DATA FOR THIS EXERCISE section start

lemma cube_linearized: "(x \<cdot> y + y \<cdot> x) \<cdot> x + (x \<cdot> x) \<cdot> y = 0"
proof -
  define P where "P x y = (x \<cdot> y + y \<cdot> x) \<cdot> x + (x \<cdot> x) \<cdot> y" for x y
  have "((x + y) \<cdot> (x + y)) \<cdot> (x + y) = (x \<cdot> x) \<cdot> x + (y \<cdot> y) \<cdot> y + P y x + P x y"
    by (simp add: P_def mult_distribs algebra_simps)
  moreover have "((x - y) \<cdot> (x - y)) \<cdot> (x - y) = (x \<cdot> x) \<cdot> x - (y \<cdot> y) \<cdot> y + P y x - P x y"
    by (simp add: P_def mult_distribs algebra_simps)
  ultimately have "P y x + P x y = 0" and "P y x - P x y = 0"
    by (simp_all add: cube_eq_0)
  then have "P x y = 0"
    by (rule add_and_diff_eq_0_imp_eq_0(2)[OF two_neq_0])
  then show ?thesis
    by (simp add: P_def)
qed

lemma cube_linearized_full:
  "(x \<cdot> y) \<cdot> z + (y \<cdot> x) \<cdot> z + (x \<cdot> z) \<cdot> y + (z \<cdot> x) \<cdot> y + (y \<cdot> z) \<cdot> x + (z \<cdot> y) \<cdot> x = 0"
  (is "?S = 0")
proof -
  have "((x + z) \<cdot> y + y \<cdot> (x + z)) \<cdot> (x + z) + ((x + z) \<cdot> (x + z)) \<cdot> y =
      ((x \<cdot> y + y \<cdot> x) \<cdot> x + (x \<cdot> x) \<cdot> y) + ((z \<cdot> y + y \<cdot> z) \<cdot> z + (z \<cdot> z) \<cdot> y) + ?S"
    by (simp add: mult_distribs algebra_simps)
  then show ?thesis
    by (simp add: cube_linearized)
qed

lemma square_square_linearized:
  "(x \<cdot> x) \<cdot> (y \<cdot> y) + (y \<cdot> y) \<cdot> (x \<cdot> x) + (x \<cdot> y + y \<cdot> x) \<cdot> (x \<cdot> y + y \<cdot> x) = 0"
  (is "?D22 = 0")
  and square_square_linearized_odd:
  "(x \<cdot> x) \<cdot> (x \<cdot> y + y \<cdot> x) + (x \<cdot> y + y \<cdot> x) \<cdot> (x \<cdot> x)
     + (y \<cdot> y) \<cdot> (x \<cdot> y + y \<cdot> x) + (x \<cdot> y + y \<cdot> x) \<cdot> (y \<cdot> y) = 0"
  (is "?D31 = 0")
proof -
  have "((x + y) \<cdot> (x + y)) \<cdot> ((x + y) \<cdot> (x + y)) =
      (x \<cdot> x) \<cdot> (x \<cdot> x) + (y \<cdot> y) \<cdot> (y \<cdot> y) + ?D22 + ?D31"
    by (simp add: mult_distribs algebra_simps)
  moreover have "((x - y) \<cdot> (x - y)) \<cdot> ((x - y) \<cdot> (x - y)) =
      (x \<cdot> x) \<cdot> (x \<cdot> x) + (y \<cdot> y) \<cdot> (y \<cdot> y) + ?D22 - ?D31"
    by (simp add: mult_distribs algebra_simps)
  ultimately have "?D22 + ?D31 = 0" and "?D22 - ?D31 = 0"
    by (simp_all add: square_square_eq_0)
  then show "?D22 = 0" and "?D31 = 0"
    by (rule add_and_diff_eq_0_imp_eq_0[OF two_neq_0])+
qed

lemma square_square_linearized_full:
  "(x \<cdot> x) \<cdot> (y \<cdot> z + z \<cdot> y) + (y \<cdot> z + z \<cdot> y) \<cdot> (x \<cdot> x)
     + (x \<cdot> y + y \<cdot> x) \<cdot> (x \<cdot> z + z \<cdot> x) + (x \<cdot> z + z \<cdot> x) \<cdot> (x \<cdot> y + y \<cdot> x) = 0"
  (is "?D211 = 0")
proof -
  have "(x \<cdot> x) \<cdot> ((y + z) \<cdot> (y + z)) + ((y + z) \<cdot> (y + z)) \<cdot> (x \<cdot> x)
      + (x \<cdot> (y + z) + (y + z) \<cdot> x) \<cdot> (x \<cdot> (y + z) + (y + z) \<cdot> x) =
    ((x \<cdot> x) \<cdot> (y \<cdot> y) + (y \<cdot> y) \<cdot> (x \<cdot> x) + (x \<cdot> y + y \<cdot> x) \<cdot> (x \<cdot> y + y \<cdot> x))
      + ((x \<cdot> x) \<cdot> (z \<cdot> z) + (z \<cdot> z) \<cdot> (x \<cdot> x) + (x \<cdot> z + z \<cdot> x) \<cdot> (x \<cdot> z + z \<cdot> x))
      + ?D211"
    by (simp add: mult_distribs algebra_simps)
  then show ?thesis
    by (simp add: square_square_linearized)
qed

text \<open>The induction step on \<open>i + j\<close>; \<open>below\<close> is the induction hypothesis.\<close>

context
  fixes a :: 'v and N :: nat
  assumes below: "\<And>i j. 0 < i \<Longrightarrow> i + j < N \<Longrightarrow> rpow a i \<cdot> rpow a j = 0"
begin

lemma rpow_mult_gen_below: "0 < i \<Longrightarrow> i < N \<Longrightarrow> rpow a i \<cdot> a = 0"
  using below[of i 0] by simp

lemma rpow_square_below: "0 < p \<Longrightarrow> p < N \<Longrightarrow> rpow a p \<cdot> rpow a p = 0"
proof (induction p)
  case 0
  then show ?case
    by simp
next
  case (Suc p)
  show ?case
  proof (cases "p = 0")
    case True
    then show ?thesis
      using square_square_eq_0[of a] by (simp add: rpow_fold)
  next
    case False
    with Suc have "rpow a p \<cdot> a = 0" and "rpow a p \<cdot> rpow a p = 0"
      using rpow_mult_gen_below by simp_all
    then show ?thesis
      using square_square_linearized[of a "rpow a p"] by (simp add: rpow_fold)
  qed
qed

lemma rpow_shift_below:
  assumes "0 < r" and "0 < j" and "Suc (Suc r) + j = N"
  shows "rpow a (Suc (Suc r)) \<cdot> rpow a j = rpow a (Suc r) \<cdot> rpow a (Suc j)"
proof -
  have zeros: "rpow a (Suc r) \<cdot> a = 0" "rpow a j \<cdot> a = 0" "rpow a r \<cdot> a = 0"
    "rpow a (Suc r) \<cdot> rpow a j = 0" "rpow a j \<cdot> rpow a (Suc r) = 0"
    "rpow a j \<cdot> rpow a r = 0" "rpow a r \<cdot> rpow a j = 0"
    using assms by (auto intro: below rpow_mult_gen_below)
  have "rpow a (Suc (Suc r)) \<cdot> rpow a j + rpow a (Suc j) \<cdot> rpow a (Suc r) = 0"
    using cube_linearized_full[of a "rpow a (Suc r)" "rpow a j"] zeros by (simp add: rpow_fold)
  moreover have "rpow a (Suc j) \<cdot> rpow a (Suc r) + rpow a (Suc r) \<cdot> rpow a (Suc j) = 0"
    using square_square_linearized_full[of a "rpow a j" "rpow a r"] zeros by (simp add: rpow_fold)
  ultimately show ?thesis
    by (metis add.commute add_right_cancel)
qed

lemma rpow_shift_to_2_below:
  "0 < j \<Longrightarrow> Suc (Suc d) + j = N \<Longrightarrow> rpow a (Suc (Suc d)) \<cdot> rpow a j = rpow a 2 \<cdot> rpow a (d + j)"
proof (induction d arbitrary: j)
  case 0
  then show ?case
    by (simp add: numeral_2_eq_2)
next
  case (Suc d)
  then have "rpow a (Suc (Suc (Suc d))) \<cdot> rpow a j = rpow a (Suc (Suc d)) \<cdot> rpow a (Suc j)"
    by (intro rpow_shift_below) simp_all
  also have "\<dots> = rpow a 2 \<cdot> rpow a (Suc d + j)"
    using Suc by simp
  finally show ?case .
qed

lemma rpow_2_mult_below:
  assumes "0 < t" and "Suc (Suc t) = N"
  shows "rpow a 2 \<cdot> rpow a t = 0"
proof -
  have zeros: "rpow a 1 \<cdot> a = 0" "rpow a t \<cdot> a = 0"
    "rpow a 1 \<cdot> rpow a t = 0" "rpow a t \<cdot> rpow a 1 = 0"
    using assms by (auto intro: below rpow_mult_gen_below)
  have "rpow a 2 \<cdot> rpow a t + rpow a (Suc t) \<cdot> rpow a 1 = 0"
    using cube_linearized_full[of a "rpow a 1" "rpow a t"] zeros by (simp add: rpow_fold numeral_2_eq_2)
  moreover have "rpow a (Suc t) \<cdot> rpow a 1 = rpow a 2 \<cdot> rpow a t"
    using rpow_shift_to_2_below[of 1 "t - 1"] assms by simp
  ultimately show ?thesis
    using two_neq_0 double_eq_0_imp_eq_0 by metis
qed

lemma rpow_mult_below_left_ge_2:
  assumes "2 \<le> i" and "0 < j" and "i + j = N"
  shows "rpow a i \<cdot> rpow a j = 0"
proof -
  obtain d where d: "i = Suc (Suc d)"
    using assms(1) by (metis add_2_eq_Suc le_Suc_ex)
  then have "rpow a i \<cdot> rpow a j = rpow a 2 \<cdot> rpow a (d + j)"
    using assms rpow_shift_to_2_below by simp
  also have "\<dots> = 0"
    using assms d by (intro rpow_2_mult_below) simp_all
  finally show ?thesis .
qed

DATA FOR THIS EXERCISE section end

WORK TO COMPLETE →
Single out each line of the records above with the string "dots" in it, and copy it.

TASK RESULT →
  also have "\<dots> = rpow a 2 \<cdot> rpow a (Suc d + j)"
  also have "\<dots> = 0"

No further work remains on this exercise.